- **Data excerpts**
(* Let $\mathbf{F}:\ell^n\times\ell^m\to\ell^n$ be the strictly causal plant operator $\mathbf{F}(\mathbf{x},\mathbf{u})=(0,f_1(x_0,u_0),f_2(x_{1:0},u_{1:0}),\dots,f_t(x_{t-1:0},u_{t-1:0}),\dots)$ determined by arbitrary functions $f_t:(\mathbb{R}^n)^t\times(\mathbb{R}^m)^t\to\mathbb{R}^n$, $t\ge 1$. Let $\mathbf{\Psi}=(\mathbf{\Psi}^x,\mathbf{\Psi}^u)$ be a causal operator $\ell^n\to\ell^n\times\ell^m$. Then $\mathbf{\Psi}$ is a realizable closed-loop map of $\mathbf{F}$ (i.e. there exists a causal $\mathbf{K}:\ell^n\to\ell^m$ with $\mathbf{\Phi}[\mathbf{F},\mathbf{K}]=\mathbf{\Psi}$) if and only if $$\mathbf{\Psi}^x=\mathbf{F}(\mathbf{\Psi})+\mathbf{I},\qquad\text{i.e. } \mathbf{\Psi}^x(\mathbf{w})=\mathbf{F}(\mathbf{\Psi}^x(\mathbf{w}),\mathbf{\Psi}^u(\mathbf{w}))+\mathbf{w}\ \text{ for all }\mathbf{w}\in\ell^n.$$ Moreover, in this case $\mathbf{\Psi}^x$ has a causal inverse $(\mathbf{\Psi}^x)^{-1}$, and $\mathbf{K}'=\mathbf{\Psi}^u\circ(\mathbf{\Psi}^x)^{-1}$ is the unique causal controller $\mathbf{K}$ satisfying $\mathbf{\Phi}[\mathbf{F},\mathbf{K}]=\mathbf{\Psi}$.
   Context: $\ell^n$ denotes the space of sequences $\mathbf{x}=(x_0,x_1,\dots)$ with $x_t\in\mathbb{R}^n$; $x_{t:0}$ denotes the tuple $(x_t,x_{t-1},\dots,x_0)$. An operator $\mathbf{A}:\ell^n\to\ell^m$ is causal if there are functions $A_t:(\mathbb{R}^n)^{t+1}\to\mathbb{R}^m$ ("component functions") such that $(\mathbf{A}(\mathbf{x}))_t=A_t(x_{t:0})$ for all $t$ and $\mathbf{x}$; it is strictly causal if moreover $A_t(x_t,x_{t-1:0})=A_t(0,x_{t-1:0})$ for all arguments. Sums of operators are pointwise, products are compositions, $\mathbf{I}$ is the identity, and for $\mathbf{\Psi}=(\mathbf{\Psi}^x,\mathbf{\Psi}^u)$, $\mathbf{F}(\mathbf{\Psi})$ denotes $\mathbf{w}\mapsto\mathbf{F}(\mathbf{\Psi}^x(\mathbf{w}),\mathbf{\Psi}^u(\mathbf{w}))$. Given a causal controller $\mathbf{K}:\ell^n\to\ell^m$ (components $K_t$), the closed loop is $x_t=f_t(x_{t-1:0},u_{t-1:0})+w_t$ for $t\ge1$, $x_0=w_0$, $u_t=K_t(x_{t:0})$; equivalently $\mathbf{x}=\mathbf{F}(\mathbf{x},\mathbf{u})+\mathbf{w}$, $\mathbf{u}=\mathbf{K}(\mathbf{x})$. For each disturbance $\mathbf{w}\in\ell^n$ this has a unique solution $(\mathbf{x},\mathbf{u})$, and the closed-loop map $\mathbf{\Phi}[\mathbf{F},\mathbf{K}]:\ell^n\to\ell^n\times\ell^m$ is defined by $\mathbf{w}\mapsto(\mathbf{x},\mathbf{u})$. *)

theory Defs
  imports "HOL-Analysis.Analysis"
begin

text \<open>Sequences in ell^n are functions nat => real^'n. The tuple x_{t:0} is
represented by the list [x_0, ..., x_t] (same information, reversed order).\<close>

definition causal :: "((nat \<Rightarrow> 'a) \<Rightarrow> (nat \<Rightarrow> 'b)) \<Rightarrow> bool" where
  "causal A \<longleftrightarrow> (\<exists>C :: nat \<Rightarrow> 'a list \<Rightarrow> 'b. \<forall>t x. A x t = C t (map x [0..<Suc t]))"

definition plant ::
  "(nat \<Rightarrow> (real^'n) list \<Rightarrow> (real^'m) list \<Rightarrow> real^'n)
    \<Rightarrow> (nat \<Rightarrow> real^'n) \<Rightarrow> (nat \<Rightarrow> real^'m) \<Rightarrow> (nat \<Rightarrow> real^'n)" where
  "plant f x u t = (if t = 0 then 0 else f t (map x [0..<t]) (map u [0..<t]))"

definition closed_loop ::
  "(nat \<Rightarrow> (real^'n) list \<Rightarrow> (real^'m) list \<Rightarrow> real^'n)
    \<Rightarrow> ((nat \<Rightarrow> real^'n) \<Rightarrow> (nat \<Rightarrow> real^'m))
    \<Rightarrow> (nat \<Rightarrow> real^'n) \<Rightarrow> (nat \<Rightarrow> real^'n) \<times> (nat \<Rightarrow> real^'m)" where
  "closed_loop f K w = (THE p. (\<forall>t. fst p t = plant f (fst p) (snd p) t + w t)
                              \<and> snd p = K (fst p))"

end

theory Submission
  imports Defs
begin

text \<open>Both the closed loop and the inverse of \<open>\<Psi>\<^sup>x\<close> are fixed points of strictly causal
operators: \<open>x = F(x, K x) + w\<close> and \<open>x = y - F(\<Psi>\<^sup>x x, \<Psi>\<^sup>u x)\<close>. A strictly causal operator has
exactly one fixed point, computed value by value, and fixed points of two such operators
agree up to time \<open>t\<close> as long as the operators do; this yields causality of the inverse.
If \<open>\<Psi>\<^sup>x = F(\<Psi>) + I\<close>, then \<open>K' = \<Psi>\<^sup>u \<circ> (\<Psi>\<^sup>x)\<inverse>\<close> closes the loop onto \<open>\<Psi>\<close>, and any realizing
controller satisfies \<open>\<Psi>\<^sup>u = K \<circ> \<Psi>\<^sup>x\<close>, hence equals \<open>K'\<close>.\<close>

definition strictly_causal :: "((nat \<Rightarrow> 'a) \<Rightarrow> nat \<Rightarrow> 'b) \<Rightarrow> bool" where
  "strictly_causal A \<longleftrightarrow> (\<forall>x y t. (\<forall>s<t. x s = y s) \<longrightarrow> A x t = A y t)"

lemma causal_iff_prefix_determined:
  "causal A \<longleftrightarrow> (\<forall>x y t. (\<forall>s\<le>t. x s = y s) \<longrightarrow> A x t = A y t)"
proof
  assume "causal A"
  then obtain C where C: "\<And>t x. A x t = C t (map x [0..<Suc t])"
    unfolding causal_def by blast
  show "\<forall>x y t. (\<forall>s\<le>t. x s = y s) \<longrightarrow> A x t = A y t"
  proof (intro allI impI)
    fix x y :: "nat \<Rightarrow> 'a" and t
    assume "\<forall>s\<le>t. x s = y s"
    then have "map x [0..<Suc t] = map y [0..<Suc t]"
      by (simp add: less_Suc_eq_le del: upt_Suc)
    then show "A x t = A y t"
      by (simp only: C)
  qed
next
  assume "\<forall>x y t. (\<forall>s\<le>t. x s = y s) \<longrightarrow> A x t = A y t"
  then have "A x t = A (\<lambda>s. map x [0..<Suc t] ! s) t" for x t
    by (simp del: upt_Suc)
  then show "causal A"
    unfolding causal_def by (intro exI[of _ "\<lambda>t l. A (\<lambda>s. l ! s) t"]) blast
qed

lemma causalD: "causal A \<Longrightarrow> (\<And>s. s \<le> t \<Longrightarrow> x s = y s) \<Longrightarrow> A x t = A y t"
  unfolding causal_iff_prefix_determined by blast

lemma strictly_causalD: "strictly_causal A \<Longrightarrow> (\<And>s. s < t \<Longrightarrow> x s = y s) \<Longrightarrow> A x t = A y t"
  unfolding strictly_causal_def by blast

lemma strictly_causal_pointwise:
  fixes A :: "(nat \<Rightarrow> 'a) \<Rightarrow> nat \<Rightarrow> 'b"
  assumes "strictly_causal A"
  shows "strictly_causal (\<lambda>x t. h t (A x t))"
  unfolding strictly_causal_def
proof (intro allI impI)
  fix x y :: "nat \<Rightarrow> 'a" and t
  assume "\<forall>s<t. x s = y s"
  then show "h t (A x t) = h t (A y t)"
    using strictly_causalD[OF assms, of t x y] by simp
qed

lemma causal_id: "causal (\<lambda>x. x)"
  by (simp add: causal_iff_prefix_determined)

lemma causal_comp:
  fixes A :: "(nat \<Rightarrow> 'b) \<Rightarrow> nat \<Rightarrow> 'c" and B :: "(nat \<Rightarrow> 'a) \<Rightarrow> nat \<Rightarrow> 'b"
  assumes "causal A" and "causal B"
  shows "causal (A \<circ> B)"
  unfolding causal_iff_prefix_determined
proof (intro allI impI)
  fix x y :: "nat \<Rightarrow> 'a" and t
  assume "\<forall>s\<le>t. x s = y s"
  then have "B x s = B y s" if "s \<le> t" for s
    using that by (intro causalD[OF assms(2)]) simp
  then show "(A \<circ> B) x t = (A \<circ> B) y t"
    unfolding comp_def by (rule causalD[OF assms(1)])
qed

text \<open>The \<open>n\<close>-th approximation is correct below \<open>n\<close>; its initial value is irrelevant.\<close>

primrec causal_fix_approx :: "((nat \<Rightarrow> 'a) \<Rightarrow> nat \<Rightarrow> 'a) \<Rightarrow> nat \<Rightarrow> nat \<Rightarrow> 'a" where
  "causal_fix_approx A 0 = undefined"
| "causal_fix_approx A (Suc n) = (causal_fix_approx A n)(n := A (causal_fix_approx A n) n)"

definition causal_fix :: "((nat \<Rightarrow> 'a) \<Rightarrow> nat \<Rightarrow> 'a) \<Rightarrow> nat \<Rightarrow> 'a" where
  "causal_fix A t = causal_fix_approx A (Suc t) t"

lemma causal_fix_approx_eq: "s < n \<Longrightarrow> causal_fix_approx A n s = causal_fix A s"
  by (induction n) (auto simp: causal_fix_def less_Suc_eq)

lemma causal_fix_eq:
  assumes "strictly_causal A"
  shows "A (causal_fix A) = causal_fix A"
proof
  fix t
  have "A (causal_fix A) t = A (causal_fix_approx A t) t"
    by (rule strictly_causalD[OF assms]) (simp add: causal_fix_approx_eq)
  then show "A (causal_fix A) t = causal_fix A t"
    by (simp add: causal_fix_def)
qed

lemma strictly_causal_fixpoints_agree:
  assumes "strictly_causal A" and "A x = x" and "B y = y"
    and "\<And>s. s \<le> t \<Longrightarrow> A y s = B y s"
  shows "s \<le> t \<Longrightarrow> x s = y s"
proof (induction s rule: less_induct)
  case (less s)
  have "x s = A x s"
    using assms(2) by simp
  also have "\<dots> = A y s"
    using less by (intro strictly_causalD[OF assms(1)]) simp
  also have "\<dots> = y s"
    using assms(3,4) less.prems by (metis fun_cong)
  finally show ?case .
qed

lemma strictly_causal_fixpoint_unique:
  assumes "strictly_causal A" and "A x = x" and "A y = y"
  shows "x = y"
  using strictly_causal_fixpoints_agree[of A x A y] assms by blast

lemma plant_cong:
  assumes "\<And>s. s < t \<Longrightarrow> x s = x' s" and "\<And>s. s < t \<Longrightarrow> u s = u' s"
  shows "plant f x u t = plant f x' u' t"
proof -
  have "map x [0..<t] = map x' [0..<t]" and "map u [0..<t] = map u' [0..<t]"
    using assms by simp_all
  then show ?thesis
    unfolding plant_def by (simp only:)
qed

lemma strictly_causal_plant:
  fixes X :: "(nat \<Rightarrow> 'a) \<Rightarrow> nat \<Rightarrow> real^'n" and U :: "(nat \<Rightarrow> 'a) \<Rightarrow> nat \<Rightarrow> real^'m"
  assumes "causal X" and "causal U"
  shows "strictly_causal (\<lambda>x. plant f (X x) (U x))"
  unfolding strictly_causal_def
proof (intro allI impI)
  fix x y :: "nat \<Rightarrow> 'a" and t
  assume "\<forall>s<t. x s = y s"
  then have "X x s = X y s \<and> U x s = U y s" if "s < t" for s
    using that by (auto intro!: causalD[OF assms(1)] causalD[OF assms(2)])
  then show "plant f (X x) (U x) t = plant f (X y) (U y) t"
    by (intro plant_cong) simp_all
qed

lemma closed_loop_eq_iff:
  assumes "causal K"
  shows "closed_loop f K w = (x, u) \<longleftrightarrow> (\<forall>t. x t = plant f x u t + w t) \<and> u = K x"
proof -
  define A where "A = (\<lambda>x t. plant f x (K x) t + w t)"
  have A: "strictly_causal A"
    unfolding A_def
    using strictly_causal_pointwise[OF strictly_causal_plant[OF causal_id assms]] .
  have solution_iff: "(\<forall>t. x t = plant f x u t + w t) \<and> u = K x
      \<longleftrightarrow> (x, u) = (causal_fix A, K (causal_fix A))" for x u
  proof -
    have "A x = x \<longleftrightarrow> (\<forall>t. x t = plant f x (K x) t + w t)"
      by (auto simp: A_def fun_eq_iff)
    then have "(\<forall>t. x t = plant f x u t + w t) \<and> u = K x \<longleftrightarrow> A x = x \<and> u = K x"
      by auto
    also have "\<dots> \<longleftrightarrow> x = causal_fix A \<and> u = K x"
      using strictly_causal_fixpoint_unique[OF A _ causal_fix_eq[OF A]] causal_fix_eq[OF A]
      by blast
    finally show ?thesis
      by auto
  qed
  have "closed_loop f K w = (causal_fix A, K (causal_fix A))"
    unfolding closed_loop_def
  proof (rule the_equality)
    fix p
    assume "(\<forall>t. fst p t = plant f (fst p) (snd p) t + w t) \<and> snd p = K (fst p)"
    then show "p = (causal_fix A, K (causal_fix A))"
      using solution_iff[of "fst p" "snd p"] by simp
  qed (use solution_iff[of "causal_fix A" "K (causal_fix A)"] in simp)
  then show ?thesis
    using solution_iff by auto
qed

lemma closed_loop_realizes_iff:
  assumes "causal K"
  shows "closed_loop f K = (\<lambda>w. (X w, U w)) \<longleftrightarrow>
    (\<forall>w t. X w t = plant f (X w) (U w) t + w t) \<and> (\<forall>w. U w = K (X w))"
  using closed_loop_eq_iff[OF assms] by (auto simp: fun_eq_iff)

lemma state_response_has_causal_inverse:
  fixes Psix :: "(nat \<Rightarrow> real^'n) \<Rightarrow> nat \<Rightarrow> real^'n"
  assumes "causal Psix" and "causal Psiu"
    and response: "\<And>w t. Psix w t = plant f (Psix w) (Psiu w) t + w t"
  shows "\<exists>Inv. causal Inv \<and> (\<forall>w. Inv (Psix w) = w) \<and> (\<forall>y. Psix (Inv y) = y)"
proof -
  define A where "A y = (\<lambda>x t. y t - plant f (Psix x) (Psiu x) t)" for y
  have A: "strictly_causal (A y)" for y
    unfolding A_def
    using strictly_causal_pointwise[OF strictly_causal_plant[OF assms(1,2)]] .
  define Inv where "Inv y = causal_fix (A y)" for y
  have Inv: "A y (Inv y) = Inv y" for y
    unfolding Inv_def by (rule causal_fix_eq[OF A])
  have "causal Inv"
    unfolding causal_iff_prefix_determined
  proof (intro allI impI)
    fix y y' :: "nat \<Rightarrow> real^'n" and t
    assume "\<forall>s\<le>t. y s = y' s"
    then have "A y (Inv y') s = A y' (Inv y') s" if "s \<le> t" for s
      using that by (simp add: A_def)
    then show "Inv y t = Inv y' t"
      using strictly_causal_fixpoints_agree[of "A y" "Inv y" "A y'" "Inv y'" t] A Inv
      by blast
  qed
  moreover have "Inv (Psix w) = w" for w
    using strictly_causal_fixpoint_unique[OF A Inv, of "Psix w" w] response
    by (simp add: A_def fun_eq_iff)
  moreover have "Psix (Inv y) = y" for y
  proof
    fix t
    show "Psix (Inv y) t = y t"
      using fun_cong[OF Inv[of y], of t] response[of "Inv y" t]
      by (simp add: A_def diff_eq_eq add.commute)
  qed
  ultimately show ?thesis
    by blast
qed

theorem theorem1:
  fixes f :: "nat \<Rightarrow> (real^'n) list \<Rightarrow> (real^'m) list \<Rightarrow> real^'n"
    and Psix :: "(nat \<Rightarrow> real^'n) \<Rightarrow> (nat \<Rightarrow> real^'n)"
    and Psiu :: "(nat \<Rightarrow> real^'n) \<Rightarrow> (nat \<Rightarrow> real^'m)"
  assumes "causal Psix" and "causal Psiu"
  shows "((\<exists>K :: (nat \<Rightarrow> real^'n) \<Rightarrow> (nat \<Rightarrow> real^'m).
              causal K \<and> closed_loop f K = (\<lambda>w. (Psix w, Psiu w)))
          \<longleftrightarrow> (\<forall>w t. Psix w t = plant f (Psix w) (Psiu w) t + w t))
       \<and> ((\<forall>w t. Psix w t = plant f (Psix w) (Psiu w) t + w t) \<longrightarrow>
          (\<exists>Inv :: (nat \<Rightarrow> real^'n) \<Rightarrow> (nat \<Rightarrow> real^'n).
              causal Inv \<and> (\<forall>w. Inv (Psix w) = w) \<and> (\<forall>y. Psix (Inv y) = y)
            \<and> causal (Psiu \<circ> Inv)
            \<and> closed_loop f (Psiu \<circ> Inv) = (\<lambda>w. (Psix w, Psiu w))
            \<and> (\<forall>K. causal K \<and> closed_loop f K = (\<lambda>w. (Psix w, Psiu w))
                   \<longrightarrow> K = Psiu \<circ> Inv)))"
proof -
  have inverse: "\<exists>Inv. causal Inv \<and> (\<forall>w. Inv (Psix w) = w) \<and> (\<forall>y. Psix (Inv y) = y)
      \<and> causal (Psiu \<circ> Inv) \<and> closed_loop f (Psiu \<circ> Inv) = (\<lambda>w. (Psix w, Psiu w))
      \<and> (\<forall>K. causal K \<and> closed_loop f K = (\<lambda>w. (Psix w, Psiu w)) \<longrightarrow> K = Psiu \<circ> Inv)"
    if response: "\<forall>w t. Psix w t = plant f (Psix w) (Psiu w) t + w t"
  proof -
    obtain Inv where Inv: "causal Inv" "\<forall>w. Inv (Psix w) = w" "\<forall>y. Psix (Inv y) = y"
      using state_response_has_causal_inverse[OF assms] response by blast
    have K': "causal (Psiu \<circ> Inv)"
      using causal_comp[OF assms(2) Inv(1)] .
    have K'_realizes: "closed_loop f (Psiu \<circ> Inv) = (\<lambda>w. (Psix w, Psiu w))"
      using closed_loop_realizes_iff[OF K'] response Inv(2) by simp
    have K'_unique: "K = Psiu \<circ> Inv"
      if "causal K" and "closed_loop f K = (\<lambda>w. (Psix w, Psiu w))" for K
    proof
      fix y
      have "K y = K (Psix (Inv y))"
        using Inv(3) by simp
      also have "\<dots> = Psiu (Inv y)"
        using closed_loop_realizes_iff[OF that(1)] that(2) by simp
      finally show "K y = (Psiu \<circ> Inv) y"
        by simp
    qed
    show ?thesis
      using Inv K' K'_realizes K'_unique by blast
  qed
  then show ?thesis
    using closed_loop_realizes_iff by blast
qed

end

- **WHAT IS NEEDED**
Collect the lines of the records that include the string "rule".

- **ANSWER TO THIS TASK**
    unfolding comp_def by (rule causalD[OF assms(1)])
    by (rule strictly_causalD[OF assms]) (simp add: causal_fix_approx_eq)
proof (induction s rule: less_induct)
  proof (rule the_equality)
    unfolding Inv_def by (rule causal_fix_eq[OF A])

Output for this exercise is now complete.